The vision of our food future seems bleak indeed. It is based on 'a system so focused on cost reduction and rising volume that it makes a billion of us fat, lets another billion go hungry, and all but invites food-borne pathogens to become global epidemics…' (p. 207). At the same time, arable land grows scarcer, inputs like pesticides and fertilisers are increasingly expensive, soil degradation proceeds at alarming rates, water supplies are rapidly depleting, and the rising price of petroleum calls into question the entire agribusiness model.

On the more optimistic side, Roberts presents the argument of those who believe that transgenic crops and the power of science and technology will once again save the day, or at least delay the impending disaster. 'Innovations are coming that will completely transform food production' (p. 240), say enthusiasts.
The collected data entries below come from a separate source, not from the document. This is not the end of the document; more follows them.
lemma matches_fusion:
  assumes G: "matches Z n G" and lm: "l < 8" "m < 8" and ij: "i < n" "j < n"
  shows "real (\<Sum>k<n. G l i k * G m k j) = (\<Sum>v<8. N l m v * real (G v i j))"
proof -
  obtain U f where U: "unitary_mat n U" and f: "\<forall>i<n. f i < (8::nat)"
    and "\<forall>m<8. int (card {i. i < n \<and> f i = m}) = Z m m"
    and decomp: "\<And>l. l < 8 \<Longrightarrow>
       nat_cmat n (G l) = cmat n U * mat_diag n (\<lambda>k. of_real (eigval l (f k))) * cadj n U"
    using matches_spectral_decomposition[OF G] by blast
  let ?e = "\<lambda>l k. complex_of_real (eigval l (f k))"
  have fusion_eigval: "?e l k * ?e m k = (\<Sum>v<8. of_real (N l m v) * ?e v k)" if "k < n" for k
  proof -
    have "complex_of_real (eigval l (f k) * eigval m (f k)) = of_real (\<Sum>v<8. N l m v * eigval v (f k))"
      using f that by (simp add: eigval_mult)
    then show ?thesis by simp
  qed
  have "of_nat (\<Sum>k<n. G l i k * G m k j) = (nat_cmat n (G l) * nat_cmat n (G m)) $$ (i, j)"
    by (simp only: index_nat_cmat_mult[OF ij])
  also have "\<dots> = (\<Sum>k<n. U i k * (?e l k * ?e m k) * cnj (U j k))"
    unfolding decomp[OF lm(1)] decomp[OF lm(2)] unitary_conj_diag_mult[OF U]
    by (rule index_unitary_conj_diag[OF ij])
  also have "\<dots> = (\<Sum>k<n. \<Sum>v<8. of_real (N l m v) * (U i k * ?e v k * cnj (U j k)))"
    by (intro sum.cong refl)
      (simp add: fusion_eigval sum_distrib_left sum_distrib_right mult_ac)
  also have "\<dots> = (\<Sum>v<8. of_real (N l m v) * (\<Sum>k<n. U i k * ?e v k * cnj (U j k)))"
    by (subst sum.swap) (simp add: sum_distrib_left)
  also have "\<dots> = (\<Sum>v<8. of_real (N l m v) * of_nat (G v i j))"
  proof (intro sum.cong refl)
    fix v :: nat assume "v \<in> {..<8}"
    then show "of_real (N l m v) * (\<Sum>k<n. U i k * ?e v k * cnj (U j k))
        = of_real (N l m v) * of_nat (G v i j)"
      using nat_cmat_conj_diag_entry[OF decomp ij] by simp
  qed
  finally have "complex_of_real (real (\<Sum>k<n. G l i k * G m k j))
      = of_real (\<Sum>v<8. N l m v * real (G v i j))"
    by simp
  then show ?thesis
    by (simp only: of_real_eq_iff)
qed

lemma matches_trace:
  assumes G: "matches Z n G" and l: "l < 8"
  shows "real (\<Sum>i<n. G l i i) = (\<Sum>m<8. real_of_int (Z m m) * eigval l m)"
proof -
  obtain U f where U: "unitary_mat n U" and f: "\<forall>i<n. f i < (8::nat)"
    and card: "\<forall>m<8. int (card {i. i < n \<and> f i = m}) = Z m m"
    and decomp: "\<And>l. l < 8 \<Longrightarrow>
       nat_cmat n (G l) = cmat n U * mat_diag n (\<lambda>k. of_real (eigval l (f k))) * cadj n U"
    using matches_spectral_decomposition[OF G] by blast
  have "of_nat (\<Sum>i<n. G l i i) = (\<Sum>i<n. \<Sum>k<n. U i k * of_real (eigval l (f k)) * cnj (U i k))"
    unfolding of_nat_sum using nat_cmat_conj_diag_entry[OF decomp[OF l]] by simp
  also have "\<dots> = (\<Sum>k<n. of_real (eigval l (f k)) * (\<Sum>i<n. cnj (U i k) * U i k))"
    unfolding sum_distrib_left by (subst sum.swap) (simp only: mult_ac)
  also have "\<dots> = (\<Sum>k<n. of_real (eigval l (f k)))"
    using U by (intro sum.cong refl) (simp add: unitary_mat_def)
  also have "\<dots> = of_real (\<Sum>k<n. eigval l (f k))"
    by simp
  finally have "complex_of_real (real (\<Sum>i<n. G l i i)) = of_real (\<Sum>k<n. eigval l (f k))"
    by (simp only: of_real_of_nat_eq)
  then have "real (\<Sum>i<n. G l i i) = (\<Sum>k<n. eigval l (f k))"
    by (simp only: of_real_eq_iff)
  also have "\<dots> = (\<Sum>m<8. of_nat (card {i. i < n \<and> f i = m}) * eigval l m)"
    by (rule sum_by_multiplicity[OF f])
  also have "\<dots> = (\<Sum>m<8. real_of_int (Z m m) * eigval l m)"
    by (intro sum.cong refl) (simp add: card[rule_format, symmetric])
  finally show ?thesis .
qed

lemma matches_trace_mult:
  assumes G: "matches Z n G" and lm: "l < 8" "m < 8"
  shows "real (\<Sum>i<n. \<Sum>k<n. G l i k * G m k i)
    = (\<Sum>r<8. real_of_int (Z r r) * (eigval l r * eigval m r))"
proof -
  have "real (\<Sum>i<n. \<Sum>k<n. G l i k * G m k i) = (\<Sum>i<n. \<Sum>v<8. N l m v * real (G v i i))"
    using matches_fusion[OF G lm] by simp
  also have "\<dots> = (\<Sum>v<8. N l m v * (\<Sum>r<8. real_of_int (Z r r) * eigval v r))"
  proof (subst sum.swap, intro sum.cong refl)
    fix v assume "v \<in> {..<8::nat}"
    then show "(\<Sum>i<n. N l m v * real (G v i i)) = N l m v * (\<Sum>r<8. real_of_int (Z r r) * eigval v r)"
      by (simp add: matches_trace[OF G, symmetric] sum_distrib_left)
  qed
  also have "\<dots> = (\<Sum>r<8. real_of_int (Z r r) * (\<Sum>v<8. N l m v * eigval v r))"
    unfolding sum_distrib_left by (subst sum.swap) (simp add: mult_ac)
  also have "\<dots> = (\<Sum>r<8. real_of_int (Z r r) * (eigval l r * eigval m r))"
    by (simp add: eigval_mult)
  finally show ?thesis .
qed

lemma matches_symmetric_imp_nimrep:
  assumes G: "matches Z n G" and sym: "\<forall>l<8. \<forall>i<n. \<forall>j<n. G l i j = G l j i"
  shows "nimrep n G"
  unfolding nimrep_def
proof (intro conjI sym allI impI)
  obtain U f where U: "unitary_mat n U" and f: "\<forall>i<n. f i < (8::nat)"
    and "\<forall>m<8. int (card {i. i < n \<and> f i = m}) = Z m m"
    and decomp: "\<And>l. l < 8 \<Longrightarrow>
       nat_cmat n (G l) = cmat n U * mat_diag n (\<lambda>k. of_real (eigval l (f k))) * cadj n U"
    using matches_spectral_decomposition[OF G] by blast
  have "mat_diag n (\<lambda>k. complex_of_real (eigval 0 (f k))) = 1\<^sub>m n"
    using f by (auto simp: mat_diag_def eigval_0)
  then have "nat_cmat n (G 0) = 1\<^sub>m n"
    using decomp[of 0] unitary_mat_mult_adjoint[OF U] by simp
  then show "G 0 i j = (if i = j then 1 else 0)" if "i < n" "j < n" for i j
    using that by (auto simp: nat_cmat_def mat_eq_iff split: if_splits)
  show "real (\<Sum>k<n. G l i k * G m k j) = (\<Sum>v<8. N l m v * real (G v i j))"
    if "l < 8" "m < 8" "i < n" "j < n" for l m i j
    using matches_fusion[OF G that] .
qed

lemma sum_lessThan_2: "(\<Sum>k<(2::nat). f k) = f 0 + f 1"
  by (simp add: numeral_eq_Suc)

lemma all_lessThan_2: "(\<forall>i<(2::nat). P i) \<longleftrightarrow> P 0 \<and> P 1"
  by (simp add: eval_nat_numeral All_less_Suc conj_ac)

lemma sym2_trace_zero:
  fixes a b c :: nat and x :: real
  assumes "real (a + c) = 0" "real (a * a + 2 * (b * b) + c * c) = 2 * x * x" "x > 0"
  shows "a = 0" "c = 0" "real b = x"
proof -
  show "a = 0" "c = 0" using assms(1) by simp_all
  then have "(real b)\<^sup>2 = x\<^sup>2" using assms(2) by (simp add: power2_eq_square)
  then show "real b = x" using assms(3) by (simp add: power2_eq_iff_nonneg)
qed

lemma sym2_diagonal_eq:
  fixes a b c :: nat and x y :: real
  assumes "real (a + c) = x + y" "real (a * a + 2 * (b * b) + c * c) = x * x + y * y"
    "2 * real b = x - y"
  shows "2 * real a = x + y" "2 * real c = x + y"
proof -
  have "(real a - real c)\<^sup>2 = 2 * (real a * real a + real c * real c) - (real a + real c)\<^sup>2"
    by (simp add: power2_eq_square algebra_simps)
  also have "\<dots> = 2 * (x * x + y * y) - (2 * real b)\<^sup>2 - (x + y)\<^sup>2"
    using assms(1,2) by (simp add: power2_eq_square algebra_simps)
  also have "\<dots> = 0"
    unfolding assms(3) by (simp add: power2_eq_square algebra_simps)
  finally have "(real a - real c)\<^sup>2 = 0" .
  then show "2 * real a = x + y" "2 * real c = x + y" using assms(1) by simp_all
qed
For example, Monsanto claims that the transgenic corn of the future will be capable of yields of 300 bushels/acre and more, compared with common yields of 200 bu/a today. These optimists, including many economists and food-policy experts, further believe that the food economy is more or less self-correcting. In recent history, food shortages have tended to result in higher food prices, inducing new technologies that bring on additional supplies, 'pushing the Malthusian monster back into its box' (p. 241).
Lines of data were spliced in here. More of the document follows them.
lemma sum_unique_rep_bound_gt_closed:
  fixes a b p q r :: nat
  assumes "0 < q" and "0 < a" and r: "r = (a - 1) div q" and "r \<ge> 1"
  shows "2 * (\<Sum>u<a. unique_rep_bound a b p q u) = 2 * (int q * int b - int p * int a)
    - int p * (int q * (int r - 1) * (int r - 2) + 2 * (int r - 1) * (int a - int r * int q))"
proof -
  define e where "e = a - r * q"
  have "a - 1 = r * q + (a - 1) mod q" and "(a - 1) mod q < q"
    using r \<open>0 < q\<close> by simp_all
  then have "r * q < a" and "e \<le> q"
    using \<open>0 < a\<close> unfolding e_def by linarith+
  moreover have "q \<le> r * q"
    using \<open>r \<ge> 1\<close> by simp
  ultimately have "q < a" and a_q: "a - q = (r - 1) * q + e"
    by (linarith, simp add: e_def diff_mult_distrib)
  define T where "T = (\<Sum>t<a - q. t div q)"
  have "2 * int T = int q * int (r - 1) * (int (r - 1) - 1) + 2 * int (r - 1) * int e"
    unfolding T_def a_q using \<open>0 < q\<close> \<open>e \<le> q\<close> by (rule sum_div_lessThan)
  then have T2: "2 * int T
      = int q * (int r - 1) * (int r - 2) + 2 * (int r - 1) * (int a - int r * int q)"
    using \<open>r \<ge> 1\<close> \<open>r * q < a\<close> by (simp add: e_def)
  have "2 * (\<Sum>u<a. unique_rep_bound a b p q u)
      = 2 * (int q * int b - int p * int a) - int p * (2 * int T)"
    using sum_unique_rep_bound_gt[OF \<open>0 < q\<close> \<open>q < a\<close>, of b p]
    by (simp add: T_def algebra_simps)
  then show ?thesis
    by (simp only: T2)
qed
Yet not everyone shares this optimism, nor the ability of technological developments to solve the challenges faced by the world food economy. An alternative position is that 'the very technologies by which the food economy supposedly corrects itself are actually destroying that economy…At best, our recent food triumphs are temporary reprieves, because they rely on the unsustainable withdrawals of energy, water, soil, and other increments of the natural capital upon which food production depends…What is needed is not simply a new round of technology but an entirely new model of sustainable agriculture that is conscious of natural limits, is mindful of external costs, and, above all, seeks to moderate our obsession with technological fixes' (pp. 241-2). Roberts summarises the way forward thus: 'What is becoming clearer by the week is that the food challenges of the future - a rising population, degrading soils, declining quantities of energy and water, climatic instability, and a host of food-related health problems - now exceed the capacity of any single technology or school of thought. Instead, such challenges will require not only new technologies and methods but an openness to new ideas about what constitutes success and failure - ideas that could be as foreign to many consumers and policymakers as either transgenic food or organic farming was when they emerged decades ago' (p. 268). These new technologies include such things as poly-cultures, closed-loop production systems, bioregional food systems, and more. 'In building the next food economy, making room for these ideas may prove to be the most challenging step' (p. 268).

The book is appropriate for a wide audience, including anyone concerned about food and how it is produced. I recommend it wholeheartedly for professionals and students in academic, advocacy, policy-making, and/or agribusiness professions who are interested in agriculture, economics, environment, human health and nutrition, or social-justice issues.